In such a case, both the filling sheet and the wire fixing portion 400 may include ethylene-vinyl acetate (EVA).

In such a case, the EVA included in the wiring fixing part 400 of the present invention may be distinguished from the EVA of the filling sheet 30 by forming a different ratio of vinyl acetate to EVA.

For example, the EVA of the filler sheet 30 may be formed with a content ratio of vinyl acetate between 28 wt% and 32 wt%, and EVA of the wire fixing part 400 according to the present invention may be formed of vinyl acetate ) May be less than 28 wt% or more than 32 wt%.

The melting point of the wiring fixing portion 400 may be higher or lower than the melting point of the filling sheet 30 because the content ratio of the vinyl acetate is different.

Hereinafter, the structure of the insulating interconnection securing part 400 will be described in more detail.

6 is a view for explaining the layer structure of the wiring fixing part 400 according to an example of the present invention.

6 (a), the wiring fixing portion 400 according to the exemplary embodiment of the present invention may be formed as a single layer having only the base layer 400a, as shown in FIG. 6 (b) And an adhesive layer 400b for adhering the base layer 400a and the base layer 400a to the surface of the semiconductor substrate 110. [

 The base layer 400a of the wire fixing part 400 is formed of a material such as polyethylene terephthalate (PET), low density polyethylene (LDPE), high density polyethylene (HDPE), polyimide (PI), polyolefin ) Or ethylene-vinyl acetate (EVA).

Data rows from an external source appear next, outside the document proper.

(* Let $\mathcal X$ be a compact set in a normed space (dual norm $\|\cdot\|_*$), and let $l_1,\dots,l_N$ and $v_1,\dots,v_N$ be differentiable functions on $\mathcal X$. Write $l_{1:n}=\sum_{m=1}^nl_m$ ($l_{1:0}\equiv0$). Suppose in each round $n$, $l_{1:n}$ is $\mu_{1:n}$-strongly convex for some $\mu_{1:n}>0$, $v_{n+1}$ is a (possibly nonconvex) function such that $l_{1:n}+v_{n+1}$ is convex (and $v_1$ convex), and the learner plays FTL with prediction: $x_{n}\in\operatorname{arg\,min}_{x\in\mathcal X}(l_{1:n-1}+v_n)(x)$. Then, with $x_n^\star\in\operatorname{arg\,min}_{x\in\mathcal X}l_{1:n}(x)$, $$\sum_{n=1}^N\big(l_{1:n}(x_n)-l_{1:n}(x_n^\star)\big)\le\sum_{n=1}^N\frac1{2\mu_{1:n}}\|\nabla l_n(x_n)-\nabla v_n(x_n)\|_*^2.$$ *)

theory Defs
  imports "HOL-Analysis.Analysis"
begin

definition strongly_convex_on :: "'a::real_normed_vector set \<Rightarrow> real \<Rightarrow> ('a \<Rightarrow> real) \<Rightarrow> bool" where
  "strongly_convex_on S \<mu> f \<longleftrightarrow>
     (\<forall>x\<in>S. \<forall>y\<in>S. \<forall>t::real. 0 \<le> t \<and> t \<le> 1 \<longrightarrow>
        f (t *\<^sub>R x + (1 - t) *\<^sub>R y) \<le> t * f x + (1 - t) * f y - \<mu> / 2 * t * (1 - t) * (norm (x - y))\<^sup>2)"

definition is_argmin_on :: "'a set \<Rightarrow> ('a \<Rightarrow> real) \<Rightarrow> 'a \<Rightarrow> bool" where
  "is_argmin_on S f x \<longleftrightarrow> x \<in> S \<and> (\<forall>y\<in>S. f x \<le> f y)"

definition cumloss :: "(nat \<Rightarrow> 'a \<Rightarrow> real) \<Rightarrow> nat \<Rightarrow> 'a \<Rightarrow> real" where
  "cumloss l n x = (\<Sum>m=1..n. l m x)"

definition dual_norm :: "('a::real_normed_vector \<Rightarrow> real) \<Rightarrow> real" where
  "dual_norm g = onorm g"

end

theory Submission
  imports Defs
begin

text \<open>
  Split \<open>l_{1:n} = f + h\<close> with \<open>f = l_{1:n-1} + v_n\<close> and \<open>h = l_n - v_n\<close>. Since \<open>x_n\<close>
  minimises \<open>f\<close>, moving from \<open>x_n\<close> towards any \<open>y\<close> increases \<open>l_{1:n}\<close> at least as much
  as \<open>h\<close>; comparing this with strong convexity along the segment and letting the step tend
  to 0 gives \<open>Dh(x_n)(y - x_n) \<le> l_{1:n}(y) - l_{1:n}(x_n) - \<mu>/2 \<parallel>y - x_n\<parallel>\<^sup>2\<close>. Maximising
  \<open>\<parallel>Dh(x_n)\<parallel>\<^sub>* r - \<mu>/2 r\<^sup>2\<close> over \<open>r\<close> bounds the regret of round \<open>n\<close>.
  Minimality of \<open>x_n\<close> is used directly.
\<close>

lemma has_derivative_difference_quotient_at_right:
  fixes h :: "'a::real_normed_vector \<Rightarrow> real"
  assumes "(h has_derivative g) (at x)"
  shows "((\<lambda>t. (h (x + t *\<^sub>R d) - h x) / t) \<longlongrightarrow> g d) (at_right 0)"
proof -
  have line: "((\<lambda>t::real. x + t *\<^sub>R d) has_derivative (\<lambda>t. t *\<^sub>R d)) (at 0)"
    by (auto intro!: derivative_eq_intros)
  have "((\<lambda>t. h (x + t *\<^sub>R d)) has_derivative (\<lambda>t. g (t *\<^sub>R d))) (at 0)"
    using diff_chain_at[OF line] assms by (simp add: o_def)
  moreover have "(\<lambda>t. g (t *\<^sub>R d)) = (*) (g d)"
    using linear_cmul[OF has_derivative_linear[OF assms]] by (auto simp: mult.commute)
  ultimately have "((\<lambda>t. h (x + t *\<^sub>R d)) has_field_derivative g d) (at 0)"
    by (simp add: has_field_derivative_def)
  then have "((\<lambda>t. (h (x + t *\<^sub>R d) - h x) / t) \<longlongrightarrow> g d) (at 0)"
    by (simp add: DERIV_def)
  then show ?thesis
    by (rule tendsto_mono[OF at_le, rotated]) simp
qed

lemma strongly_convex_on_segment_le:
  assumes "strongly_convex_on X \<mu> F" "x \<in> X" "y \<in> X" "0 \<le> t" "t \<le> 1"
  shows "F (x + t *\<^sub>R (y - x)) - F x \<le> t * (F y - F x - \<mu> / 2 * (1 - t) * (norm (y - x))\<^sup>2)"
proof -
  have "x + t *\<^sub>R (y - x) = t *\<^sub>R y + (1 - t) *\<^sub>R x"
    by (simp add: algebra_simps)
  then have "F (x + t *\<^sub>R (y - x))
      \<le> t * F y + (1 - t) * F x - \<mu> / 2 * t * (1 - t) * (norm (y - x))\<^sup>2"
    using assms unfolding strongly_convex_on_def by simp
  then show ?thesis
    by (simp add: algebra_simps)
qed

lemma strongly_convex_on_deriv_le_of_min_diff:
  fixes F h :: "'a::real_normed_vector \<Rightarrow> real"
  assumes "convex X" "x \<in> X" "y \<in> X"
    and min_diff: "\<And>z. z \<in> X \<Longrightarrow> F x - h x \<le> F z - h z"
    and deriv: "(h has_derivative g) (at x)"
    and sc: "strongly_convex_on X \<mu> F"
  shows "g (y - x) \<le> F y - F x - \<mu> / 2 * (norm (y - x))\<^sup>2"
proof -
  let ?d = "y - x"
  have "\<forall>\<^sub>F t in at_right 0.
      (h (x + t *\<^sub>R ?d) - h x) / t \<le> F y - F x - \<mu> / 2 * (1 - t) * (norm ?d)\<^sup>2"
    unfolding eventually_at_right_field
  proof (intro exI[of _ 1] conjI allI impI)
    fix t :: real
    assume "0 < t" "t < 1"
    have "x + t *\<^sub>R ?d = (1 - t) *\<^sub>R x + t *\<^sub>R y"
      by (simp add: algebra_simps)
    also have "\<dots> \<in> X"
      using convexD_alt[OF \<open>convex X\<close> \<open>x \<in> X\<close> \<open>y \<in> X\<close>] \<open>0 < t\<close> \<open>t < 1\<close> by simp
    finally have "h (x + t *\<^sub>R ?d) - h x \<le> F (x + t *\<^sub>R ?d) - F x"
      using min_diff by fastforce
    also have "\<dots> \<le> t * (F y - F x - \<mu> / 2 * (1 - t) * (norm ?d)\<^sup>2)"
      using strongly_convex_on_segment_le[OF sc \<open>x \<in> X\<close> \<open>y \<in> X\<close>] \<open>0 < t\<close> \<open>t < 1\<close> by simp
    finally show "(h (x + t *\<^sub>R ?d) - h x) / t \<le> F y - F x - \<mu> / 2 * (1 - t) * (norm ?d)\<^sup>2"
      using \<open>0 < t\<close> by (simp add: divide_le_eq mult.commute)
  qed simp
  moreover have "((\<lambda>t. F y - F x - \<mu> / 2 * (1 - t) * (norm ?d)\<^sup>2)
      \<longlongrightarrow> F y - F x - \<mu> / 2 * (1 - 0) * (norm ?d)\<^sup>2) (at_right 0)"
    by (intro tendsto_intros)
  ultimately show ?thesis
    using tendsto_le[OF _ _ has_derivative_difference_quotient_at_right[OF deriv]] by simp
qed

lemma mult_minus_half_square_le:
  fixes a r \<mu> :: real
  assumes "\<mu> > 0"
  shows "a * r - \<mu> / 2 * r\<^sup>2 \<le> 1 / (2 * \<mu>) * a\<^sup>2"
proof -
  have "0 \<le> (a - \<mu> * r)\<^sup>2 / (2 * \<mu>)"
    using assms by simp
  then show ?thesis
    using assms by (simp add: power2_eq_square field_simps)
qed

lemma strongly_convex_on_gap_le_onorm:
  fixes F h :: "'a::real_normed_vector \<Rightarrow> real"
  assumes "convex X" "x \<in> X" "y \<in> X"
    and "\<And>z. z \<in> X \<Longrightarrow> F x - h x \<le> F z - h z"
    and deriv: "(h has_derivative g) (at x)"
    and "strongly_convex_on X \<mu> F" "\<mu> > 0"
  shows "F x - F y \<le> 1 / (2 * \<mu>) * (onorm g)\<^sup>2"
proof -
  have "- g (y - x) \<le> onorm g * norm (y - x)"
    using onorm[OF has_derivative_bounded_linear[OF deriv]] by (simp add: abs_le_iff)
  moreover have "g (y - x) \<le> F y - F x - \<mu> / 2 * (norm (y - x))\<^sup>2"
    using strongly_convex_on_deriv_le_of_min_diff assms by blast
  moreover have "onorm g * norm (y - x) - \<mu> / 2 * (norm (y - x))\<^sup>2 \<le> 1 / (2 * \<mu>) * (onorm g)\<^sup>2"
    using mult_minus_half_square_le \<open>\<mu> > 0\<close> by blast
  ultimately show ?thesis
    by linarith
qed

lemma cumloss_Suc: "cumloss l (Suc n) x = cumloss l n x + l (Suc n) x"
  by (simp add: cumloss_def)

theorem lemma16:
  fixes X :: "'a::real_normed_vector set"
    and l v :: "nat \<Rightarrow> 'a \<Rightarrow> real"
    and Dl Dv :: "nat \<Rightarrow> 'a \<Rightarrow> 'a \<Rightarrow> real"
    and \<mu> :: "nat \<Rightarrow> real"
    and x xs :: "nat \<Rightarrow> 'a"
    and N :: nat
  assumes "compact X" and "convex X"
    and dl: "\<And>n y. n \<in> {1..N} \<Longrightarrow> y \<in> X \<Longrightarrow> (l n has_derivative Dl n y) (at y)"
    and dv: "\<And>n y. n \<in> {1..N} \<Longrightarrow> y \<in> X \<Longrightarrow> (v n has_derivative Dv n y) (at y)"
    and mu_pos: "\<And>n. n \<in> {1..N} \<Longrightarrow> \<mu> n > 0"
    and sc: "\<And>n. n \<in> {1..N} \<Longrightarrow> strongly_convex_on X (\<mu> n) (cumloss l n)"
    and cv: "\<And>n. n < N \<Longrightarrow> convex_on X (\<lambda>y. cumloss l n y + v (Suc n) y)"
    and play: "\<And>n. n \<in> {1..N} \<Longrightarrow> is_argmin_on X (\<lambda>y. cumloss l (n - 1) y + v n y) (x n)"
    and opt: "\<And>n. n \<in> {1..N} \<Longrightarrow> is_argmin_on X (cumloss l n) (xs n)"
  shows "(\<Sum>n=1..N. cumloss l n (x n) - cumloss l n (xs n))
           \<le> (\<Sum>n=1..N. 1 / (2 * \<mu> n) * (dual_norm (\<lambda>h. Dl n (x n) h - Dv n (x n) h))\<^sup>2)"
proof (rule sum_mono)
  fix n
  assume n: "n \<in> {1..N}"
  then obtain k where k: "n = Suc k"
    using not0_implies_Suc by force
  have "x n \<in> X" "xs n \<in> X"
    using play[OF n] opt[OF n] by (auto simp: is_argmin_on_def)
  have min_diff: "cumloss l n (x n) - (l n (x n) - v n (x n)) \<le> cumloss l n z - (l n z - v n z)"
    if "z \<in> X" for z
    using play[OF n] that by (simp add: is_argmin_on_def k cumloss_Suc)
  have deriv: "((\<lambda>z. l n z - v n z) has_derivative (\<lambda>h. Dl n (x n) h - Dv n (x n) h)) (at (x n))"
    using dl[OF n \<open>x n \<in> X\<close>] dv[OF n \<open>x n \<in> X\<close>] by (rule has_derivative_diff)
  show "cumloss l n (x n) - cumloss l n (xs n)
      \<le> 1 / (2 * \<mu> n) * (dual_norm (\<lambda>h. Dl n (x n) h - Dv n (x n) h))\<^sup>2"
    unfolding dual_norm_def
    by (rule strongly_convex_on_gap_le_onorm[where F = "cumloss l n" and h = "\<lambda>z. l n z - v n z",
          OF \<open>convex X\<close> \<open>x n \<in> X\<close> \<open>xs n \<in> X\<close> min_diff deriv sc[OF n] mu_pos[OF n]])
qed

end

In addition, the adhesive layer 400b of the wiring fixing part 400 may include any one of acrylic, silicon, and epoxy.

6 (a), when the wiring fixing portion 400 is formed as a single layer including only the base layer 400a, the thickness of the wiring fixing portion 400 is set to be between 10um and 70um .

6 (b), the wiring fixing portion 400 is provided with an adhesive layer 400b for adhering the base layer 400a and the base layer 400a to the surface of the semiconductor substrate 110 The total thickness of the wiring fixing portions 400 can be set to be between 60 [mu] m and 100 [mu] m.

The thickness of the base layer 400a may be in the range of 10um to 70um and the thickness of the adhesive layer 400b may be in the range of 20um to 90um within the range where the total thickness of the wire fixing portion 400 is between 60um and 100um. have.

As described above, when the wiring fixing portion 400 includes the adhesive layer 400b, the wiring fixing portion 400 is adhered to the surface of the semiconductor substrate 110 so as to cover the ends of the plurality of wiring, It is possible to fix the end of the wiring fixing part 200. When the wiring fixing part 400 is misaligned, the wiring fixing part 400 can be detached and reattached, thereby making it easier to manufacture the module.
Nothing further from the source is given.